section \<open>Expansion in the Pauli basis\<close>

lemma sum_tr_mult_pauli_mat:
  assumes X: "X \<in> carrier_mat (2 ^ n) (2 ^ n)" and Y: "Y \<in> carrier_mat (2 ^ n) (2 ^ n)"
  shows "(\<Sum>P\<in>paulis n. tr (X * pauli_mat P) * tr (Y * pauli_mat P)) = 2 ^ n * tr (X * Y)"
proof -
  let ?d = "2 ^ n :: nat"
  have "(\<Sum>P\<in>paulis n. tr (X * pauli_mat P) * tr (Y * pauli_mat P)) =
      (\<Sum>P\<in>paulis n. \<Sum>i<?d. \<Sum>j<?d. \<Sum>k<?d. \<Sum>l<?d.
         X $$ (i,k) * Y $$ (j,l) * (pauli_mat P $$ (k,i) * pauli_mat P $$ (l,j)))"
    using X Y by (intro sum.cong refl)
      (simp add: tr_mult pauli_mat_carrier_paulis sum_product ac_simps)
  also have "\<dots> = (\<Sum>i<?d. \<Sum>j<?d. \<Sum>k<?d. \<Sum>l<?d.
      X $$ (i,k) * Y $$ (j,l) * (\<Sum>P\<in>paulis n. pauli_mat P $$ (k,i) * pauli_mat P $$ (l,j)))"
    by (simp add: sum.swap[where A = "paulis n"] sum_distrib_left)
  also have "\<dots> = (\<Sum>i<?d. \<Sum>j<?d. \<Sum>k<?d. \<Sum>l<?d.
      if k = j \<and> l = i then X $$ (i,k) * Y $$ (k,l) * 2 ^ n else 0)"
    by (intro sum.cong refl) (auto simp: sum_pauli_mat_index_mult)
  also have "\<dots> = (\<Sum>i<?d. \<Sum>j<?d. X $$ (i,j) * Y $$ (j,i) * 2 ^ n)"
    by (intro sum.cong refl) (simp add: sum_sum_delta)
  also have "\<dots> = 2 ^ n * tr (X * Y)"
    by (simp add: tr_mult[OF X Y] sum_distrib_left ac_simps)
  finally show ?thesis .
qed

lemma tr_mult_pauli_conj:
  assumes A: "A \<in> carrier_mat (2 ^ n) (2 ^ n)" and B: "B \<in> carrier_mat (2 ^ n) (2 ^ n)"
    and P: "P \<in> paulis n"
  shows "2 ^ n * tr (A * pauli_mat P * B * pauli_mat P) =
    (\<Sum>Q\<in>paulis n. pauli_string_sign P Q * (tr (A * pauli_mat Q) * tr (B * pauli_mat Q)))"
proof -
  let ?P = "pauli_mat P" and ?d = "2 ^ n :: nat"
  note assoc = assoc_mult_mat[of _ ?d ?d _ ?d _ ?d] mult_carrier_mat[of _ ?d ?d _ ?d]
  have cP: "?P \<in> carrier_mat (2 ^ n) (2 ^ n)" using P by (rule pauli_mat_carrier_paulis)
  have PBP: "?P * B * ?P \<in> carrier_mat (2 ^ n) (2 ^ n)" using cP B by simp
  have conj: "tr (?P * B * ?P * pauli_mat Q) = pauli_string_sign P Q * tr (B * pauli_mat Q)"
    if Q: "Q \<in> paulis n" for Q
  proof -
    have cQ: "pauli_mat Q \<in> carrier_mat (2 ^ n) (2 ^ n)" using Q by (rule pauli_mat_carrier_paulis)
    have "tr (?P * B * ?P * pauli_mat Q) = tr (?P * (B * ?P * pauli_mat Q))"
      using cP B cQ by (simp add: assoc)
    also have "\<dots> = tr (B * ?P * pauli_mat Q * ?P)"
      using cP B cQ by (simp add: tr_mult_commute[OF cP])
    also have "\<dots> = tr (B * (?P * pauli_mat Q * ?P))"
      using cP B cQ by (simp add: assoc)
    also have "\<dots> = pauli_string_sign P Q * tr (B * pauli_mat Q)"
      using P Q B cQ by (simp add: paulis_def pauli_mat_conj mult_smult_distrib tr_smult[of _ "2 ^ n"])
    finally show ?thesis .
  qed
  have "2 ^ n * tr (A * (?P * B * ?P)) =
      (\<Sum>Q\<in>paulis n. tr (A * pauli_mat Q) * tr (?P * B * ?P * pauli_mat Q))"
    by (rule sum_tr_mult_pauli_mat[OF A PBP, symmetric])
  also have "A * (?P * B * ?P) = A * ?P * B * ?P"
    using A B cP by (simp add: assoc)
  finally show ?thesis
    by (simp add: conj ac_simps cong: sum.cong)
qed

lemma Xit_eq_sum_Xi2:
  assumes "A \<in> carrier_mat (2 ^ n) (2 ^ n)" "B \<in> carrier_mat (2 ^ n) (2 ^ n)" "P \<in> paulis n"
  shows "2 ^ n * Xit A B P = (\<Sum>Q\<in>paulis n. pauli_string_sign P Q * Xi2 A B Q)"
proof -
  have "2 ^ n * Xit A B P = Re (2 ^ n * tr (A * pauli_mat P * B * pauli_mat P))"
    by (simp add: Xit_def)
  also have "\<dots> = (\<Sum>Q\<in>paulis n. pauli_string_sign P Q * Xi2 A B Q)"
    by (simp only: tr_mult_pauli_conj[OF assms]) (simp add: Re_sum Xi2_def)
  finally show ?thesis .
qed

● TASK DETAILS
Copy out each line of the material that holds the word "shows".

● ANSWER BOX
  shows "(\<Sum>P\<in>paulis n. tr (X * pauli_mat P) * tr (Y * pauli_mat P)) = 2 ^ n * tr (X * Y)"
  shows "2 ^ n * tr (A * pauli_mat P * B * pauli_mat P) =
  shows "2 ^ n * Xit A B P = (\<Sum>Q\<in>paulis n. pauli_string_sign P Q * Xi2 A B Q)"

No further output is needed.